With lunch planned, I donned a VR headset and took a helicopter ride around China’s spectacular Guilin province, a rather more scenic location than the deserted concrete Vegas parking lot the AI:ME was driving me around. Audi uses Holoride’s tech to match the image in the headsets to the movement of the car—turning the image left as the car does, for instance—to avoid making occupants nauseous.

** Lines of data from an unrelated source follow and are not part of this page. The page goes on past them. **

(* Let $\mathbf{a}$ be a centered symplectic cellular automaton (CSCA) and let $\xi=(\xi_+,\xi_-)\in\mathcal{P}^2$ be a non-zero phase space vector with $\mathbf{a}\xi=u^n\xi$ for some $n\in\mathbb{N}$. Then: (1) $\mathbf{a}\bar\xi=u^{-n}\bar\xi$; (2) $\mathbf{a}$ is uniquely given by $$\mathbf{a}_{11}=\frac{u^n\xi_+\bar\xi_-+u^{-n}\bar\xi_+\xi_-}{\xi\wedge\bar\xi},\quad \mathbf{a}_{12}=\frac{(u^n+u^{-n})\xi_+\bar\xi_+}{\xi\wedge\bar\xi},\quad \mathbf{a}_{21}=\frac{(u^n+u^{-n})\xi_-\bar\xi_-}{\xi\wedge\bar\xi},\quad \mathbf{a}_{22}=\frac{u^{-n}\xi_+\bar\xi_-+u^{n}\bar\xi_+\xi_-}{\xi\wedge\bar\xi};$$ (3) $\mathrm{tr}\,\mathbf{a}=u^{-n}+u^n$; (4) every glider of $\mathbf{a}$ is a multiple (by an element of $\mathcal{P}$) of $$\left(\frac{\mathbf{a}_{12}}{\gcd(u^n+\mathbf{a}_{11},\mathbf{a}_{12})},\ \frac{u^n+\mathbf{a}_{11}}{\gcd(u^n+\mathbf{a}_{11},\mathbf{a}_{12})}\right)\quad\text{or of}\quad \left(\frac{\mathbf{a}_{12}}{\gcd(u^{-n}+\mathbf{a}_{11},\mathbf{a}_{12})},\ \frac{u^{-n}+\mathbf{a}_{11}}{\gcd(u^{-n}+\mathbf{a}_{11},\mathbf{a}_{12})}\right).$$
   Context: $\mathcal{P}$ denotes the ring of Laurent polynomials in a variable $u$ over the field $\mathbb{Z}_2$ (all arithmetic mod 2). For $p\in\mathcal{P}$, $\bar p$ denotes the involution $p(u)\mapsto p(u^{-1})$; for vectors and matrices it is applied entrywise. $\mathcal{R}\subset\mathcal{P}$ is the subring of palindromes, $\bar p=p$. A centered symplectic cellular automaton (CSCA) is a $2\times 2$ matrix with entries in $\mathcal{R}$ and determinant $1$, acting on column vectors $\xi=(\xi_+,\xi_-)^T\in\mathcal{P}^2$ (phase space vectors, which label tensor products of Pauli matrices on a spin chain). A glider of $\mathbf{a}$ is a non-zero $\xi\in\mathcal{P}^2$ with $\mathbf{a}\xi=u^k\xi$ for some integer $k$. The wedge product is $\xi\wedge\eta=\xi_+\eta_-+\eta_+\xi_-$. *)

theory Defs
  imports "HOL-Library.Poly_Mapping" "HOL-Library.Z2"
begin

text \<open>Laurent polynomials in u over Z_2: finitely supported maps from exponents (int)
  to coefficients in the field bit = Z_2, with convolution product (group ring Z_2[Z]).\<close>
type_synonym laurent = "int \<Rightarrow>\<^sub>0 bit"

definition upow :: "int \<Rightarrow> laurent" where
  "upow k = Poly_Mapping.single k 1"

text \<open>The involution p(u) \<mapsto> p(u^{-1}).\<close>
lift_definition lbar :: "laurent \<Rightarrow> laurent" is "\<lambda>f i. f (- i)"
proof -
  fix f :: "int \<Rightarrow> bit" assume "finite {i. f i \<noteq> 0}"
  then have "finite (uminus ` {i. f i \<noteq> 0})" by simp
  moreover have "{i. f (- i) \<noteq> 0} = uminus ` {i. f i \<noteq> 0}"
    by (auto intro: image_eqI[where x="- _"])
  ultimately show "finite {i. f (- i) \<noteq> 0}" by simp
qed

definition palindrome :: "laurent \<Rightarrow> bool" where
  "palindrome p \<longleftrightarrow> lbar p = p"

type_synonym mat2 = "laurent \<times> laurent \<times> laurent \<times> laurent"
type_synonym pvec = "laurent \<times> laurent"

fun mat_app :: "mat2 \<Rightarrow> pvec \<Rightarrow> pvec" where
  "mat_app (a11, a12, a21, a22) (x, y) = (a11 * x + a12 * y, a21 * x + a22 * y)"

fun smul :: "laurent \<Rightarrow> pvec \<Rightarrow> pvec" where
  "smul c (x, y) = (c * x, c * y)"

fun vbar :: "pvec \<Rightarrow> pvec" where
  "vbar (x, y) = (lbar x, lbar y)"

fun wedge :: "pvec \<Rightarrow> pvec \<Rightarrow> laurent" where
  "wedge (xp, xm) (yp, ym) = xp * ym + yp * xm"

fun det2 :: "mat2 \<Rightarrow> laurent" where
  "det2 (a11, a12, a21, a22) = a11 * a22 - a12 * a21"

fun tr2 :: "mat2 \<Rightarrow> laurent" where
  "tr2 (a11, a12, a21, a22) = a11 + a22"

fun csca :: "mat2 \<Rightarrow> bool" where
  "csca (a11, a12, a21, a22) \<longleftrightarrow>
     palindrome a11 \<and> palindrome a12 \<and> palindrome a21 \<and> palindrome a22 \<and>
     det2 (a11, a12, a21, a22) = 1"

definition glider :: "mat2 \<Rightarrow> pvec \<Rightarrow> bool" where
  "glider a \<xi> \<longleftrightarrow> \<xi> \<noteq> (0, 0) \<and> (\<exists>k::int. mat_app a \<xi> = smul (upow k) \<xi>)"

definition is_gcd :: "laurent \<Rightarrow> laurent \<Rightarrow> laurent \<Rightarrow> bool" where
  "is_gcd g p q \<longleftrightarrow> g dvd p \<and> g dvd q \<and> (\<forall>d. d dvd p \<and> d dvd q \<longrightarrow> d dvd g)"

end

theory Submission
  imports Defs "HOL-Computational_Algebra.Polynomial"
begin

But if this is the future, it’s still a long way off. Before drivers can use these features, we’ll need Level 4 autonomy, where the car still has a steering wheel but can drive itself in some circumstances without human intervention, and that’s still at least a decade away. And if autonomy does eventually free up some time as our cars drive us along roads they find easier to navigate, such as highways, we’re far more likely to reach for our own devices. Nothing the carmakers can provide to fill that time is likely to be as compelling as work or Netflix.

But they have to try, so view the AI:ME concept as Audi thinking aloud about what it might offer us to replace the experience of driving. And there are a bunch of other, more subtle features on this compact but beautifully proportioned and surfaced concept which we might see in cars we can actually buy rather sooner.

Outside, the front and rear lights extend along the sides of the car, creating a 360-degree “communication belt” along which Audi plans light signals that go way beyond the usual turn indicators, replacing the subtle waves and glances by which human drivers communicate.

Inside, the steering wheel folds flat and telescopes away into the stylish walnut desk in front of the driver when not needed. The other materials used inside have been inspired by high-end interior design: there’s no leather but instead there’s high-quality woven cloth, velvet, and even Corian, a composite material used for work surfaces in luxury kitchens. Plants fringe the huge OLED display and the panoramic roof, a visual clue to the AI:ME’s advanced air filtration system.

The front seats are particularly interesting. They look great, with more than a hint of Eero Saarinen’s seminal Womb Chair about them. But they’re shaped that way for a reason. In a self-driving car, we’ll no longer need to be gripped by our seats and kept pointing forwards. Our cars will drive us smoothly, with adaptive suspension compensating for potholes, and we’ll have the freedom to turn and face our fellow occupants, so the seat bases are broader and the seat backs lower to make the cabin a more social space.

Riding in the AI:ME, I felt that, as a pure concept car, its dynamic performance isn’t particularly relevant. It goes, stops and steers smoothly enough, but the empty car park of the Aria isn’t much of a challenge to its self-driving software. And this priceless hand-built one-off is only intended to travel at low speeds, so its ride is firm and noisy.

But it’s a privilege just to get aboard this physical manifestation of Audi’s long-range thinking. Now, what’s for dinner?